By Adam Pursel
One of the great (and awful) things about studying through an entire book of the Bible is that we often encounter passages that we would rather ignore. Colossians 3:5-6 are some of those verses for many of us. Here, Paul is beginning to explain to us what he meant in Colossians 3:1-3 when he told us to seek the things above, set our minds on the things above, and that we have died with Christ.
Colossians 3:5-6 says, “Put to death therefore what is earthly in you: sexual immorality, impurity, passion, evil desire, and covetousness, which is idolatry. 6 On account of these the wrath of God is coming.”
Do you see what I mean? Here we are, happily enjoying some time in the Word of God – we’ve got our coffee mug, our phone is poised and ready to post some really inspiring verse on top of a sunset/mountain/ocean/baby picture, and our pen is carefully resting on our Jesus Journal…and then God has to go and say some stuff that we don’t like! I can’t put that on Instagram! And now my coffee is cold! OK, you get my point. Seriously though, I do think there are at least two things here that go against what our culture tells us, and (I think) go against our culture-shaped intuitions as well.

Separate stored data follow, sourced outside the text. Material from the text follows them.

(* Let $p_1,p_2\ge 5$ be distinct primes, $e_i=\zeta_{p_1}^i+\zeta_{p_1}^{-i}$, $b_j=\zeta_{p_2}^j+\zeta_{p_2}^{-j}$, $n_1=\frac{p_1-1}{2}$, $n_2=\frac{p_2-1}{2}$, and $\mathbb{K}=\mathbb{Q}(\zeta_{p_1}+\zeta_{p_1}^{-1})\mathbb{Q}(\zeta_{p_2}+\zeta_{p_2}^{-1})$. Let $\mathcal{I}\subseteq\mathcal{O}_{\mathbb{K}}$ be the $\mathbb{Z}$-module with $\mathbb{Z}$-basis consisting of all products $e_ib_j$ ($1\le i\le n_1$, $1\le j\le n_2$) except that $e_{n_1}b_{n_2}$ is replaced by $2e_{n_1}b_{n_2}$. Then $\mathcal{I}$ is not an ideal of $\mathcal{O}_{\mathbb{K}}$.
   Context: $\zeta_m=e^{2\pi i/m}$. *)

theory Defs
  imports Complex_Main "HOL-Computational_Algebra.Polynomial"
begin

definition zeta :: "nat \<Rightarrow> complex" where
  "zeta m = exp (2 * of_real pi * \<i> / of_nat m)"

definition subfield_gen :: "complex set \<Rightarrow> complex set" where
  "subfield_gen S = \<Inter>{F. S \<subseteq> F \<and> 1 \<in> F \<and>
      (\<forall>x\<in>F. \<forall>y\<in>F. x + y \<in> F \<and> x * y \<in> F \<and> - x \<in> F \<and> inverse x \<in> F)}"

text \<open>The compositum Q(zeta p1 + zeta p1^-1) Q(zeta p2 + zeta p2^-1) = Q(both generators).\<close>
definition KK :: "nat \<Rightarrow> nat \<Rightarrow> complex set" where
  "KK p1 p2 = subfield_gen {zeta p1 + inverse (zeta p1), zeta p2 + inverse (zeta p2)}"

definition ring_of_integers :: "complex set \<Rightarrow> complex set" where
  "ring_of_integers K = {x \<in> K. algebraic_int x}"

definition ee :: "nat \<Rightarrow> int \<Rightarrow> complex" where
  "ee p i = zeta p powi i + zeta p powi (- i)"

definition basis_elt :: "nat \<Rightarrow> nat \<Rightarrow> nat \<Rightarrow> nat \<Rightarrow> complex" where
  "basis_elt p1 p2 i j =
     (if i = (p1 - 1) div 2 \<and> j = (p2 - 1) div 2 then 2 else 1)
       * ee p1 (int i) * ee p2 (int j)"

definition II :: "nat \<Rightarrow> nat \<Rightarrow> complex set" where
  "II p1 p2 = {\<Sum>i\<in>{1..(p1 - 1) div 2}. \<Sum>j\<in>{1..(p2 - 1) div 2}.
                  of_int (c i j) * basis_elt p1 p2 i j | c :: nat \<Rightarrow> nat \<Rightarrow> int. True}"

Instead of addressing those two things, I would like to take a minute to discuss our attitude toward Scripture in general. I think a lot of us would say that we trust Jesus for salvation. If that’s you, that’s awesome!!! Praise God that He has redeemed you through trusting His Son! But I think that some of us who have trusted Jesus for salvation have somehow formed the belief that we can more or less pick and choose which Scriptures we listen to and which Scriptures we can ignore. That’s not OK. Here’s the deal, if you pick and choose which parts of the Bible to listen to and which ones to ignore, then you don’t have a God who can disagree with you. And if you don’t have a God who can disagree with you, you don’t have a God at all…you just have you (and that’s neither good nor Christian).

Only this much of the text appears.